## <center>Лабораторная работа № 8 'Генерация текста на основе “Алисы в стране чудес”'<center>

### <center>Выполнила студентка 3 курса группы БФИ2001 Калмыкова Дарья<center>

### Цель
Использовать рекуррентные нейронные сети в качестве генеративных моделей.

### Задачи
* Ознакомиться с генерацией текста
* Ознакомиться с системой Callback в Keras

### Требования
1. Реализовать модель ИНС, которая будет генерировать текст
2. Написать собственный CallBack, который будет показывать то как генерируется 
текст во время обучения (то есть раз в какое-то количество эпох генирировать и 
выводить текст у необученной модели)
3. Отследить процесс обучения при помощи TensorFlowCallBack (TensorBoard), в 
отчете привести результаты и их анализ

In [1]:
import keras
import numpy as np
import codecs
import re
import sys

import tensorflow as tf
from keras.models import Sequential
from keras.layers import Dense, Dropout, LSTM
from keras.callbacks import ModelCheckpoint
from keras.utils import np_utils

import datetime
%load_ext tensorboard

In [2]:
fileObj = codecs.open( "./wonderland.txt", "r", "utf_8" )
raw_text = fileObj.read()
text_clear = re.sub(r"[\r\n]", '', raw_text)
raw_text = text_clear.lower()

In [3]:
fileObj.close()

In [4]:
# raw_text

In [5]:
chars = sorted(list(set(raw_text)))
char_to_int = dict((c, i) for i, c in enumerate(chars))

In [6]:
n_chars = len(raw_text)
print("Total Characters: ", n_chars)

Total Characters:  141208


In [7]:
n_vocab = len(chars)
print("Total Vocab: ", n_vocab)

Total Vocab:  48


In [8]:
seq_length = 100
dataX = []
dataY = []
for i in range(0, n_chars - seq_length, 1):
    seq_in = raw_text[i:i + seq_length]
    seq_out = raw_text[i + seq_length]
    dataX.append([char_to_int[char] for char in seq_in])
    dataY.append(char_to_int[seq_out])
n_patterns = len(dataX)
print("Total Patterns: ", n_patterns)

Total Patterns:  141108


In [10]:
# reshape X to be [samples, time steps, features]
X = np.reshape(dataX, (n_patterns, seq_length, 1))
# normalize
X = X / float(n_vocab)
# one hot encode the output variable
y = np_utils.to_categorical(dataY)

In [11]:
model = Sequential()

model.add(LSTM(256, input_shape=(X.shape[1], X.shape[2])))
model.add(Dropout(0.2))
model.add(Dense(y.shape[1], activation='softmax'))
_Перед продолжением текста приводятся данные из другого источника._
(* Let the Algorithm and assumptions (A1)–(A4) be as in the context, with constants $L_H,K_H,\delta_g,\delta_H,\nu$, assume $\sigma_0\le2\gamma L_H$, assume $f$ attains its minimum over $\mathcal M$, and suppose that for every iteration $k$, $\delta_g\le\frac{9\delta_H^2}{4\sigma_k}$ and \[ \delta_H\le\min\Big\{\min\{\tfrac1{18},\tfrac{1-\rho_{TH}}{9}\}\big(\sqrt{K_H^2+4\sigma_k\varepsilon_g}-K_H\big),\ \min\{\tfrac19,\tfrac{2(1-\rho_{TH})}{9}\}\nu\varepsilon_H\Big\}. \] Then the Algorithm terminates after at most $\mathcal O(\max\{\varepsilon_g^{-2},\varepsilon_H^{-3}\})$ iterations.
   Context: Let $\mathcal M$ be a connected complete Riemannian manifold; $\langle\cdot,\cdot\rangle$ and $\|\cdot\|$ denote the inner product and norm on tangent spaces $T_x\mathcal M$. Let $f=\frac1n\sum_{i=1}^n f_i$ with each $f_i:\mathcal M\to\mathbb R$ twice continuously differentiable; $\mathrm{grad} f$ is the Riemannian gradient. A retraction is a smooth map $R:T\mathcal M\to\mathcal M$ whose restriction $R_x$ to $T_x\mathcal M$ satisfies $R_x(0_x)=x$, $DR_x(0_x)=\mathrm{Id}$. $\nabla^2 f\circ R_x(0_x)$ is the Hessian at $0_x$ of $f\circ R_x$ on the inner-product space $T_x\mathcal M$. $\lambda_{\min}(H)$ denotes the smallest eigenvalue of a self-adjoint operator $H$. Algorithm: fix $\varepsilon_g,\varepsilon_H,\rho_{TH}\in(0,1)$, $\gamma>1$, $x_0\in\mathcal M$, $\sigma_0>0$. At iteration $k$: construct $G_k\in T_{x_k}\mathcal M$ and self-adjoint linear $H_k$ on $T_{x_k}\mathcal M$; if $\|G_k\|\le\varepsilon_g$ and $\lambda_{\min}(H_k)\ge-\varepsilon_H$, stop and return $x_k$; otherwise choose $\eta_k\in T_{x_k}\mathcal M$ approximately minimizing $m_k(\eta):=\langle G_k,\eta\rangle+\frac12\langle H_k[\eta],\eta\rangle+\frac13\sigma_k\|\eta\|^3$, set $\rho_k=\frac{f(x_k)-f\circ R_{x_k}(\eta_k)}{-m_k(\eta_k)}$; if $\rho_k\ge\rho_{TH}$ set $x_{k+1}=R_{x_k}(\eta_k)$, $\sigma_{k+1}=\sigma_k/\gamma$, else $x_{k+1}=x_k$, $\sigma_{k+1}=\gamma\sigma_k$. Cauchy point and eigenpoint: $\eta_k^C:=-\alpha^C G_k$ with $\alpha^C\in\arg\min_{\alpha\ge0}m_k(-\alpha G_k)$. Fix $\nu\in(0,1)$. When $\lambda_{\min}(H_k)<0$, $\eta_k^E:=\alpha^E u_k$ where $u_k$ satisfies $\langle u_k,H_k[u_k]\rangle\le\nu\lambda_{\min}(H_k)\|u_k\|^2<0$ and $\langle G_k,u_k\rangle\le0$, and $\alpha^E\in\arg\min_{\alpha\ge0}m_k(\alpha u_k)$. Assumptions: (A1) there is $L_H>0$ with $\big|f\circ R_{x_k}(\eta_k)-f(x_k)-\langle\mathrm{grad} f(x_k),\eta_k\rangle-\frac12\langle\nabla^2 f\circ R_{x_k}(0_{x_k})[\eta_k],\eta_k\rangle\big|\le\frac12L_H\|\eta_k\|^3$ for all $k$. (A2) there is $K_H>0$ with $\|H_k\|:=\sup_{\|\eta\|\le1}\langle\eta,H_k[\eta]\rangle\le K_H$ for all $k$. (A3) there are $\delta_g,\delta_H\in(0,1)$ with $\|G_k-\mathrm{grad} f(x_k)\|\le\delta_g$ and $\|(H_k-\nabla^2 f\circ R_{x_k}(0_{x_k}))[\eta_k]\|\le\delta_H\|\eta_k\|$ for all $k$. (A4) for all $k$, $-m_k(\eta_k)\ge-m_k(\eta_k^C)$, and $-m_k(\eta_k)\ge-m_k(\eta_k^E)$ whenever $\lambda_{\min}(H_k)<0$. The constant in $\mathcal O(\cdot)$ is independent of $\varepsilon_g,\varepsilon_H$ (it may depend on $f(x_0)-\min f$, $\rho_{TH},\nu,\gamma,L_H,K_H,\sigma_0$). *)

theory Defs
  imports "HOL-Analysis.Analysis"
begin
(* The hypothesis says that C misses the polygon (-1, 1/2), (-1, h), (2, h), (2, 1/2). *)
lemma connected_component_detour:
  fixes C :: "(real \<times> real) set" and h :: real
  assumes "\<And>z. z \<in> C \<Longrightarrow> snd z \<in> closed_segment (1/2) h \<Longrightarrow> 0 \<le> fst z \<and> fst z \<le> 1 \<and> snd z \<noteq> h"
  shows "connected_component (- C) (-1, 1/2) (2, 1/2)"
proof (rule connected_component_three_segments)
  have side: "closed_segment (x, 1/2) (x, h) \<subseteq> - C" if "x < 0 \<or> 1 < x" for x
  proof
    fix z :: "real \<times> real" assume "z \<in> closed_segment (x, 1/2) (x, h)"
    then have "fst z \<in> closed_segment x x" "snd z \<in> closed_segment (1/2) h"
      using closed_segment_PairD[of "fst z" "snd z" x "1/2" x h] by simp_all
    then show "z \<in> - C" using assms[of z] that by auto
  qed
  then show "closed_segment (-1, 1/2) (-1, h) \<subseteq> - C" "closed_segment (2, h) (2, 1/2) \<subseteq> - C"
    by (auto simp: closed_segment_commute)
  show "closed_segment (-1, h) (2, h) \<subseteq> - C"
  proof
    fix z :: "real \<times> real" assume "z \<in> closed_segment (-1, h) (2, h)"
    then have "snd z \<in> closed_segment h h"
      using closed_segment_PairD[of "fst z" "snd z" "-1" h 2 h] by simp
    then show "z \<in> - C" using assms[of z] by auto
  qed
qed

lemma separating_set_meets_half_planes:
  fixes C :: "(real \<times> real) set"
  assumes C: "C \<subseteq> cbox (0, 0) (1, 1) \<union> {z. 1 \<le> snd z} \<union> {z. snd z \<le> 0}"
    and separates: "\<not> connected_component (- C) (-1, 1/2) (2, 1/2)"
  shows "C \<inter> {z. 1 \<le> snd z} \<noteq> {}" "C \<inter> {z. snd z \<le> 0} \<noteq> {}"
proof -
  have "0 \<le> fst z \<and> fst z \<le> 1 \<and> snd z \<noteq> h"
    if "z \<in> C" "snd z \<in> closed_segment (1/2) h" "1 < h \<and> C \<inter> {z. 1 \<le> snd z} = {} \<or>
        h < 0 \<and> C \<inter> {z. snd z \<le> 0} = {}" for z h
    using that C by (auto simp: closed_segment_eq_real_ivl mem_unit_square split: if_splits)
  then show "C \<inter> {z. 1 \<le> snd z} \<noteq> {}" "C \<inter> {z. snd z \<le> 0} \<noteq> {}"
    using separates connected_component_detour[of C 2] connected_component_detour[of C "-1"] by force+
qed

lemma connected_component_outside_strip:
  fixes W1 W2 :: "(real \<times> real) set"
  assumes closed: "closed W1" "closed W2" and disjoint: "W1 \<inter> W2 = {}"
    and square: "W1 \<union> W2 \<subseteq> cbox (0, 0) (1, 1)"
    and top: "\<And>z. z \<in> W2 \<Longrightarrow> snd z \<noteq> 1" and bottom: "\<And>z. z \<in> W1 \<Longrightarrow> snd z \<noteq> 0"
  shows "connected_component (- (W1 \<union> W2 \<union> {z. 1 \<le> snd z} \<union> {z. snd z \<le> 0})) (-1, 1/2) (2, 1/2)"
proof (rule ccontr)
  define Hp where "Hp = {z::real \<times> real. 1 \<le> snd z}"
  define Hm where "Hm = {z::real \<times> real. snd z \<le> 0}"
  have closed_H: "closed Hp" "closed Hm"
    unfolding Hp_def Hm_def by (intro closed_Collect_le continuous_intros)+
  assume "\<not> connected_component (- (W1 \<union> W2 \<union> {z. 1 \<le> snd z} \<union> {z. snd z \<le> 0})) (-1, 1/2) (2, 1/2)"
  then have "\<not> connected_component (- (W1 \<union> W2 \<union> Hp \<union> Hm)) (-1, 1/2) (2, 1/2)"
    unfolding Hp_def Hm_def .
  moreover have "closed (W1 \<union> W2 \<union> Hp \<union> Hm)" using closed closed_H by (intro closed_Un)
  ultimately obtain C where C: "C \<in> components (W1 \<union> W2 \<union> Hp \<union> Hm)"
      "\<not> connected_component (- C) (-1, 1/2) (2, 1/2)"
    using separation_by_component_closed_pointwise by blast
  then have CZ: "C \<subseteq> W1 \<union> W2 \<union> Hp \<union> Hm" and conn_C: "connected C"
    using in_components_subset in_components_connected by auto
  have "C \<inter> Hp \<noteq> {}" "C \<inter> Hm \<noteq> {}"
    using separating_set_meets_half_planes[OF _ C(2)] CZ square unfolding Hp_def Hm_def by blast+
  moreover have "(Hp \<union> W1) \<inter> C = {} \<or> (Hm \<union> W2) \<inter> C = {}"
  proof (rule connected_closedD[OF conn_C])
    have "z \<notin> Hp" if "z \<in> W2" for z
      using top[OF that] square that unfolding Hp_def by (auto simp: mem_unit_square)
    moreover have "z \<notin> Hm" if "z \<in> W1" for z
      using bottom[OF that] square that unfolding Hm_def by (auto simp: mem_unit_square)
    ultimately show "(Hp \<union> W1) \<inter> (Hm \<union> W2) \<inter> C = {}"
      using disjoint unfolding Hp_def Hm_def by auto
    show "C \<subseteq> Hp \<union> W1 \<union> (Hm \<union> W2)" using CZ by blast
  qed (use closed closed_H in auto)
  ultimately show False by blast
qed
model.compile(loss='categorical_crossentropy', optimizer='adam')

#### Custom callback

In [12]:
class Custom_Callback(keras.callbacks.Callback):
    def __init__(self, data, int_to_char):
        self.dataX = dataX
        self.int_to_char = int_to_char
    
    def period_text_gen(self, size):
        start = np.random.randint(0, n_patterns-1)
        pattern = self.dataX[start]
        text = []
        for i in range(size):
            x = np.reshape(pattern, (1, len(pattern), 1))
            x = x / float(n_vocab)
            prediction = model.predict(x, verbose=0)
            index = np.argmax(prediction)
            result = self.int_to_char[index]
            text.append(result)
            pattern.append(index)
            pattern = pattern[1:len(pattern)]
        return "".join(text)
        
    def on_epoch_end(self, epoch, logs=None):
        if epoch % 5 == 0:
            print(f'Epoch {epoch}\n')
            gen_text = self.period_text_gen(100)
            print(f'Generated text: {gen_text}\n')
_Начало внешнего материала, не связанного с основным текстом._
(* In the standard LLP setup, for every $N\ge1$: $L(G,\gamma^{N+1}_{cons})\supseteq L(G,\gamma^N_{cons})$.
   Context: Standard LLP setup. $\Sigma=\Sigma_c\,\dot\cup\,\Sigma_{uc}$ is a finite alphabet partitioned into controllable and uncontrollable events. The plant $G$ has generated language $L(G)$ and marked language $L_m(G)$ with $L(G)=\overline{L_m(G)}$ ($\overline{M}$ = set of prefixes of strings in $M$). The legal language $K\subseteq L_m(G)$ satisfies $K=\overline{K}\cap L_m(G)$. For a prefix-closed $L$, $M$ is controllable w.r.t. $L$ if $\overline{M}\Sigma_{uc}\cap L\subseteq\overline{M}$. For a language $L$ and $s\in\Sigma^*$: $L/s=\{t: st\in L\}$; $L|_N=\{t\in L:|t|\le N\}$; $\Sigma_{L(G)}(s)=\{\sigma\in\Sigma: s\sigma\in L(G)\}$. $M^{\uparrow/s|_N}$ is the supremal sublanguage of $M$ controllable w.r.t. $L(G)/s|_N$. Conservative attitude: $f^N_{cons}(s)=[K/s|_{N-1}]^{\uparrow/s|_N}$; control policy $\gamma^N_{cons}(s)=(\overline{f^N_{cons}(s)}\cap\Sigma)\cup(\Sigma_{uc}\cap\Sigma_{L(G)}(s))$. Closed-loop language $L(G,\gamma)$: $\epsilon\in L(G,\gamma)$, and $s\sigma\in L(G,\gamma)$ iff $s\in L(G,\gamma)$, $s\sigma\in L(G)$, $\sigma\in\gamma(s)$. *)

theory Defs
  imports Main
begin

definition pre :: "'a list set \<Rightarrow> 'a list set" where
  "pre M = {s. \<exists>t. s @ t \<in> M}"

definition quot :: "'a list set \<Rightarrow> 'a list \<Rightarrow> 'a list set" where
  "quot L s = {t. s @ t \<in> L}"

definition trunc :: "'a list set \<Rightarrow> nat \<Rightarrow> 'a list set" where
  "trunc L N = {t \<in> L. length t \<le> N}"

definition enabled :: "'a list set \<Rightarrow> 'a list \<Rightarrow> 'a set" where
  "enabled L s = {\<sigma>. s @ [\<sigma>] \<in> L}"

definition controllable :: "'a set \<Rightarrow> 'a list set \<Rightarrow> 'a list set \<Rightarrow> bool" where
  "controllable Suc' L M \<longleftrightarrow>
     (\<forall>s \<in> pre M. \<forall>\<sigma> \<in> Suc'. s @ [\<sigma>] \<in> L \<longrightarrow> s @ [\<sigma>] \<in> pre M)"

definition supcon :: "'a set \<Rightarrow> 'a list set \<Rightarrow> 'a list set \<Rightarrow> 'a list set" where
  "supcon Suc' L M = \<Union>{M'. M' \<subseteq> M \<and> controllable Suc' L M'}"

definition f_cons :: "'a set \<Rightarrow> 'a list set \<Rightarrow> 'a list set \<Rightarrow> nat \<Rightarrow> 'a list \<Rightarrow> 'a list set" where
  "f_cons Suc' LG K N s = supcon Suc' (trunc (quot LG s) N) (trunc (quot K s) (N - 1))"

definition gamma_cons :: "'a set \<Rightarrow> 'a set \<Rightarrow> 'a list set \<Rightarrow> 'a list set \<Rightarrow> nat \<Rightarrow> 'a list \<Rightarrow> 'a set" where
  "gamma_cons Sig Suc' LG K N s =
     {\<sigma> \<in> Sig. [\<sigma>] \<in> pre (f_cons Suc' LG K N s)} \<union> (Suc' \<inter> enabled LG s)"

inductive_set closed_loop :: "'a list set \<Rightarrow> ('a list \<Rightarrow> 'a set) \<Rightarrow> 'a list set"
  for LG :: "'a list set" and \<gamma> :: "'a list \<Rightarrow> 'a set" where
  eps: "[] \<in> closed_loop LG \<gamma>"
| step: "s \<in> closed_loop LG \<gamma> \<Longrightarrow> s @ [\<sigma>] \<in> LG \<Longrightarrow> \<sigma> \<in> \<gamma> s \<Longrightarrow> s @ [\<sigma>] \<in> closed_loop LG \<gamma>"

end

theory Submission
  imports Defs
begin

text \<open>A candidate for the supremal controllable sublanguage at horizon N consists of strings of
  length at most N - 1; for such short strings every one-event extension already lies within the
  horizon N, so controllability does not depend on how far the truncated plant language reaches.
  Hence every candidate at horizon N remains one at horizon N + 1, the conservative control policy
  grows with N, and so does the closed-loop language.\<close>

lemma pre_mono: "A \<subseteq> B \<Longrightarrow> pre A \<subseteq> pre B"
  unfolding pre_def by auto

lemma controllable_antimono:
  "L \<subseteq> L' \<Longrightarrow> controllable S L' M \<Longrightarrow> controllable S L M"
  unfolding controllable_def by blast

lemma controllable_trunc_imp_controllable:
  assumes short: "\<forall>t \<in> M. length t < N" and ctrl: "controllable S (trunc L N) M"
  shows "controllable S L M"
  unfolding controllable_def
proof (intro ballI impI)
  fix s \<sigma> assume s: "s \<in> pre M" and \<sigma>: "\<sigma> \<in> S" and s\<sigma>: "s @ [\<sigma>] \<in> L"
  from s obtain t where "s @ t \<in> M" unfolding pre_def by auto
  with short have "length (s @ [\<sigma>]) \<le> N" by fastforce
  with s\<sigma> have "s @ [\<sigma>] \<in> trunc L N" unfolding trunc_def by auto
  with ctrl s \<sigma> show "s @ [\<sigma>] \<in> pre M" unfolding controllable_def by blast
qed

lemma f_cons_mono_Suc:
  assumes "N \<ge> 1"
  shows "f_cons S LG K N s \<subseteq> f_cons S LG K (Suc N) s"
proof
  fix x assume "x \<in> f_cons S LG K N s"
  then obtain M where x: "x \<in> M" and M: "M \<subseteq> trunc (quot K s) (N - 1)"
    and ctrl: "controllable S (trunc (quot LG s) N) M"
    unfolding f_cons_def supcon_def by auto
  have "\<forall>t \<in> M. length t < N" using M assms unfolding trunc_def by auto
  with ctrl have "controllable S (quot LG s) M"
    by (rule controllable_trunc_imp_controllable[rotated])
  then have "controllable S (trunc (quot LG s) (Suc N)) M"
    by (rule controllable_antimono[rotated]) (auto simp: trunc_def)
  moreover have "M \<subseteq> trunc (quot K s) (Suc N - 1)"
    using M unfolding trunc_def by auto
  ultimately show "x \<in> f_cons S LG K (Suc N) s"
    using x unfolding f_cons_def supcon_def by auto
qed

lemma gamma_cons_mono_Suc:
  assumes "N \<ge> 1"
  shows "gamma_cons Sig S LG K N s \<subseteq> gamma_cons Sig S LG K (Suc N) s"
  using pre_mono[OF f_cons_mono_Suc[OF assms, of S LG K s]] unfolding gamma_cons_def by auto

lemma closed_loop_mono:
  assumes "\<And>s. \<gamma> s \<subseteq> \<gamma>' s"
  shows "closed_loop LG \<gamma> \<subseteq> closed_loop LG \<gamma>'"
proof
  fix s assume "s \<in> closed_loop LG \<gamma>"
  then show "s \<in> closed_loop LG \<gamma>'"
  proof induction
    case eps
    show ?case by (rule closed_loop.eps)
  next
    case (step s \<sigma>)
    then show ?case using assms by (blast intro: closed_loop.step)
  qed
qed

theorem theorem5:
  fixes Sc Suc' :: "'a set" and Lm K :: "'a list set" and N :: nat
  assumes "finite (Sc \<union> Suc')"
    and "Sc \<inter> Suc' = {}"
    and "Lm \<subseteq> lists (Sc \<union> Suc')"
    and "K \<subseteq> Lm"
    and "K = pre K \<inter> Lm"
    and "N \<ge> 1"
  shows "closed_loop (pre Lm) (gamma_cons (Sc \<union> Suc') Suc' (pre Lm) K N)
         \<subseteq> closed_loop (pre Lm) (gamma_cons (Sc \<union> Suc') Suc' (pre Lm) K (Suc N))"
  by (rule closed_loop_mono[OF gamma_cons_mono_Suc[OF \<open>N \<ge> 1\<close>]])

end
#### Using ModelCheckpoint and TensorBoard callbacks

In [15]:
int_to_char = dict((i, c) for i, c in enumerate(chars))

In [13]:
filepath = "weights-improvement-{epoch:02d}-{loss:.4f}.hdf5"

checkpoint = ModelCheckpoint(filepath, monitor='loss', verbose=1, 
                             save_best_only=True, mode='min')
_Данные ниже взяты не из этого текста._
lemma distflow_linear_space_eq_data_image:
  assumes tree: "is_tree n par"
    and data: "\<forall>t<T. (ud t, yd t) \<in> B_DF n par r x"
    and rank: "vec_space.rank (6*n+1) (data_mat n T ud yd) = 3*n+1"
  shows "(\<lambda>g. data_mat n T ud yd *\<^sub>v g) ` carrier_vec T =
    {w \<in> carrier_vec (6*n+1). distflow_linear n par r x (($) w)}" (is "_ = ?L")
proof (rule image_mult_mat_vec_eq_of_rank[where sel = "determining_coord n", OF _ _ _ _ _ rank])
  let ?H = "data_mat n T ud yd"
  show H: "?H \<in> carrier_mat (6*n+1) T" by (simp add: data_mat_def)
  show "set (cols ?H) \<subseteq> ?L"
  proof
    fix w assume "w \<in> set (cols ?H)"
    then obtain t where t: "t < T" "w = col ?H t" using H by (auto simp: cols_def)
    have u: "ud t \<in> carrier_vec (2*n)" and y: "yd t \<in> carrier_vec (4*n+1)"
      using data t(1) by (auto simp: B_DF_def)
    have "ud t @\<^sub>v yd t \<in> carrier_vec (6*n+1)" using append_carrier_vec[OF u y] by simp
    then show "w \<in> ?L"
      using t col_data_mat[where ud = ud and yd = yd, OF t(1) u y] B_DF_iff_distflow_linear[OF tree u y] data by auto
  qed
  show "A *\<^sub>v a \<in> ?L" if A: "A \<in> carrier_mat (6*n+1) c" and cols: "set (cols A) \<subseteq> ?L"
    and a: "a \<in> carrier_vec c" for A c a
  proof -
    have "distflow_linear n par r x (($) (col A j))" if "j < c" for j
    proof -
      have "col A j \<in> set (cols A)" using A that by (simp add: cols_def)
      then show ?thesis using cols by blast
    qed
    then show ?thesis using distflow_linear_mult_mat_vec[OF tree A a] mult_mat_vec_carrier[OF A a] by simp
  qed
  show "determining_coord n k < 6*n+1" for k
    by (simp add: determining_coord_def)
  show "w = w'" if "w \<in> ?L" "w' \<in> ?L"
    "\<And>k. k < 3*n+1 \<Longrightarrow> w $ determining_coord n k = w' $ determining_coord n k" for w w'
    using that by (intro distflow_linear_vec_eqI[OF tree]) auto
qed

theorem lemma2:
  fixes n T :: nat and par :: "nat \<Rightarrow> nat" and r x :: "nat \<Rightarrow> real"
    and ud yd :: "nat \<Rightarrow> real vec" and u y :: "real vec"
  assumes tree: "is_tree n par"
    and lines: "line_params n r x"
    and T: "T > 1"
    and data: "\<forall>t<T. (ud t, yd t) \<in> B_DF n par r x"
    and rank: "vec_space.rank (6*n+1) (data_mat n T ud yd) = 3*n+1"
    and u: "u \<in> carrier_vec (2*n)" and y: "y \<in> carrier_vec (4*n+1)"
  shows "(u, y) \<in> B_DF n par r x \<longleftrightarrow>
    (\<exists>g \<in> carrier_vec T. u @\<^sub>v y = data_mat n T ud yd *\<^sub>v g \<and>
       (\<forall>i\<in>{1..n}. VV n y i * LL n y i = PP n y i * PP n y i + QQ n y i * QQ n y i))"
proof -
  have "u @\<^sub>v y \<in> carrier_vec (6*n+1)" using append_carrier_vec[OF u y] by simp
  then have "(u, y) \<in> B_DF n par r x \<longleftrightarrow>
      u @\<^sub>v y \<in> {w \<in> carrier_vec (6*n+1). distflow_linear n par r x (($) w)} \<and>
      (\<forall>i\<in>{1..n}. LL n y i * VV n y i = (PP n y i)^2 + (QQ n y i)^2)"
    using B_DF_iff_distflow_linear[OF tree u y] by simp
  also have "\<dots> \<longleftrightarrow> u @\<^sub>v y \<in> (\<lambda>g. data_mat n T ud yd *\<^sub>v g) ` carrier_vec T \<and>
      (\<forall>i\<in>{1..n}. VV n y i * LL n y i = PP n y i * PP n y i + QQ n y i * QQ n y i)"
    unfolding distflow_linear_space_eq_data_image[OF tree data rank]
    by (simp add: power2_eq_square mult.commute)
  finally show ?thesis by (auto simp: eq_commute[of "u @\<^sub>v y"])
qed

end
log_dir = "lab8_logs/fit/" + datetime.datetime.now().strftime("%Y%m%d-%H%M%S")

call1 = keras.callbacks.TensorBoard(log_dir=log_dir, histogram_freq=1)

In [16]:
model.fit(X, y, epochs=20, batch_size=128, callbacks=[checkpoint, call1, Custom_Callback(dataX, int_to_char)])

Epoch 1/20
Epoch 1: loss improved from inf to 2.98907, saving model to weights-improvement-01-2.9891.hdf5
Epoch 0

Generated text:  toe toe toe toe toe toe toe toe toe toe toe toe toe toe toe toe toe toe toe toe toe toe toe toe toe

Epoch 2/20
Epoch 2: loss improved from 2.98907 to 2.83258, saving model to weights-improvement-02-2.8326.hdf5
Epoch 3/20
Epoch 3: loss improved from 2.83258 to 2.74843, saving model to weights-improvement-03-2.7484.hdf5
Epoch 4/20
Epoch 4: loss improved from 2.74843 to 2.68092, saving model to weights-improvement-04-2.6809.hdf5
Epoch 5/20
Epoch 5: loss improved from 2.68092 to 2.62355, saving model to weights-improvement-05-2.6235.hdf5
Epoch 6/20
Epoch 6: loss improved from 2.62355 to 2.56708, saving model to weights-improvement-06-2.5671.hdf5
Epoch 5

Generated text: nd she sooe to the wooee to the wooee to the wooee to the wooee to the wooee to the wooee to the woo

Epoch 7/20
Epoch 7: loss improved from 2.56708 to 2.51465, saving model to weights-improve

<keras.callbacks.History at 0x1eab1903d90>

In [18]:
%tensorboard --logdir lab8_logs/fit

Reusing TensorBoard on port 6006 (pid 10784), started 0:00:25 ago. (Use '!kill 10784' to kill it.)

#### Epoch loss

![Epoch loss](./lab8_tb/1.png)

#### Time Series on Dense layers

![Epoch loss](./lab8_tb/2.png)

#### Histograms of Dense layers

![](./lab8_tb/3.png)

#### Histograms of LSTM

![Epoch loss](./lab8_tb/4.png)

### Text generation

In [36]:
# load the network weights
filename = "weights-improvement-20-2.0676.hdf5"
model.load_weights(filename)

model.compile(loss='categorical_crossentropy', optimizer='adam')

In [40]:
# pick a random seed
start = np.random.randint(0, len(dataX)-1)
pattern = dataX[start]
print("Seed:", start)
print("\"", ''.join([int_to_char[value] for value in pattern]), "\"")

# generate characters
for i in range(1000):
    x = np.reshape(pattern, (1, len(pattern), 1))
    x = x / float(n_vocab)
    prediction = model.predict(x, verbose=0)
    index = np.argmax(prediction)
    result = int_to_char[index]
    seq_in = [int_to_char[value] for value in pattern]
    sys.stdout.write(result)
    pattern.append(index)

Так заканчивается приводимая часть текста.